Losing a life companion, a reflection
This post is dedicated to all my dear friends who have lost their life companion. And to all the friends who are no longer with us.
I practice Linguistic Empathy and I expect you to do the same. Please bear with me if my English is not perfect.
A while ago I was in Milan and in bad need of antibiotics. I entered a pharmacy, and saw an elderly man sitting on a stool beside the counter. At first I thought he was feeling unwell and the pharmacists had invited him to sit down. Then one of them, in a rude yet loving tone, told him to stop complaining and react. He told him what had happened to him happened to lots of people, it’s life.

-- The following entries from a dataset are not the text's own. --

definition product :: "'a frol \<Rightarrow> 'b frol \<Rightarrow> ('a \<times> 'b) frol" where
  "product X Y = gen_by_funcs (car X \<times> car Y)
     ({f \<circ> fst | f. f \<in> funcs X} \<union> {g \<circ> snd | g. g \<in> funcs Y})"

definition coproduct :: "'a frol \<Rightarrow> 'b frol \<Rightarrow> ('a + 'b) frol" where
  "coproduct X Y = gen_by_curves (Inl ` car X \<union> Inr ` car Y)
     ({Inl \<circ> c | c. c \<in> curves X} \<union> {Inr \<circ> c | c. c \<in> curves Y})"

definition quotient_frol :: "'a frol \<Rightarrow> 'a rel \<Rightarrow> 'a set frol" where
  "quotient_frol X R = gen_by_curves (car X // R) {(\<lambda>t. R `` {c t}) | c. c \<in> curves X}"

definition equiv_closure :: "'a set \<Rightarrow> 'a rel \<Rightarrow> 'a rel" where
  "equiv_closure S R0 = Id_on S \<union> (R0 \<union> R0\<inverse>)\<^sup>+"

definition unit_I :: "real frol" where
  "unit_I = subspace real_frol {0..1}"

definition flat_I :: "real frol" where
  "flat_I = gen_by_funcs {0..1}
     {f \<in> funcs unit_I. \<exists>\<epsilon>. 0 < \<epsilon> \<and> \<epsilon> < 1/4 \<and>
        (\<forall>s\<in>{0..<\<epsilon>}. \<forall>t\<in>{0..<\<epsilon>}. f s = f t) \<and>
        (\<forall>s\<in>{1-\<epsilon><..1}. \<forall>t\<in>{1-\<epsilon><..1}. f s = f t)}"

definition cyl_pre :: "'a frol \<Rightarrow> 'b frol \<Rightarrow> ((real \<times> 'a) + 'b) frol" where
  "cyl_pre X Y = coproduct (product flat_I X) Y"

definition cyl_rel :: "'a frol \<Rightarrow> 'b frol \<Rightarrow> ('a \<Rightarrow> 'b) \<Rightarrow> ((real \<times> 'a) + 'b) rel" where
  "cyl_rel X Y f = equiv_closure (car (cyl_pre X Y)) {(Inl (1, x), Inr (f x)) | x. x \<in> car X}"

definition mapping_cyl :: "'a frol \<Rightarrow> 'b frol \<Rightarrow> ('a \<Rightarrow> 'b) \<Rightarrow> ((real \<times> 'a) + 'b) set frol" where
  "mapping_cyl X Y f = quotient_frol (cyl_pre X Y) (cyl_rel X Y f)"

definition cyl_class :: "'a frol \<Rightarrow> 'b frol \<Rightarrow> ('a \<Rightarrow> 'b) \<Rightarrow> ((real \<times> 'a) + 'b) \<Rightarrow> ((real \<times> 'a) + 'b) set" where
  "cyl_class X Y f z = cyl_rel X Y f `` {z}"

definition cone_base :: "'a frol \<Rightarrow> 'b frol \<Rightarrow> ('a \<Rightarrow> 'b) \<Rightarrow> 'a \<Rightarrow> ((real \<times> 'a) + 'b) set set" where
  "cone_base X Y f x0 = {cyl_class X Y f (Inl (0, x)) | x. x \<in> car X}
                      \<union> {cyl_class X Y f (Inl (t, x0)) | t. t \<in> {0..1}}"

The elderly man was looking at me, and I felt compelled to ask what was troubling him. In a whisper, like he was secretly looking for an ally, he said “my wife has died”.
My impulse was to hug him, but I did not want to look too melodramatic. Instead I told him I was very, very sorry and that I perfectly understood how he felt, and wished him all the strength and courage to keep on living without his beloved wife.
The first widow I got to know well in my life was my mother. She was 49 when my father died at age 57. I have a bit of confused memory of her pain. I was seventeen, and busy to deal with mine. But I distinctly remember how she dove into family life, how loving and present and ever active for us children she was. She had always been a wonderful mother, but after my father died she became even more devoted to her little tribe.
At that time I had no idea of what losing a life companion could mean. I had not found one yet, and had a long life ahead to live.
Now I am in that phase when death occurs more and more frequently in my tight circle of friends. In these last years I have seen many friends, some of them very dear ones, losing their life companion.
I was always grateful to them for letting me get close to their suffering. And although I don’t pretend to know what this terrible moment entails, I have come to realise that we too often dismiss it as something natural in life, something we have to give for granted.
Of course many people die young, and we should feel lucky for every year we spend with the person we love. Losing a life companion though must be an unimaginable pain. I can’t even start figuring what it means to have to learn to function as a single person after a whole life full of sharing, from the tiniest details to the biggest questions.
It must be a horrible inner earthquake to have to shift from a life shared with the one you love every single day, to exist as a single person, with a baggage of memories that span a whole life and that constantly reminds you of what will never come back.
At every death that has touched us recently, at every devastating news on the phone, through the screen, WhatsApp, I felt closer to my choices, my love, and my will to live life fully and deeply as long as we have it.
Often, at night, I think of the friends who have left. I remember their faces, their voice, the shared laughter, and then I think of their wives who fight to fill the immense void they found themselves to face, some of them very suddenly. Then I hear my mother-in-law, old and sick, telling me “this life is a cheater“. And I do the only thing I can do: I talk about it, I remind myself how fleeting life is, and hold all my dear friends in a warm embrace that never breaks, even when we are apart.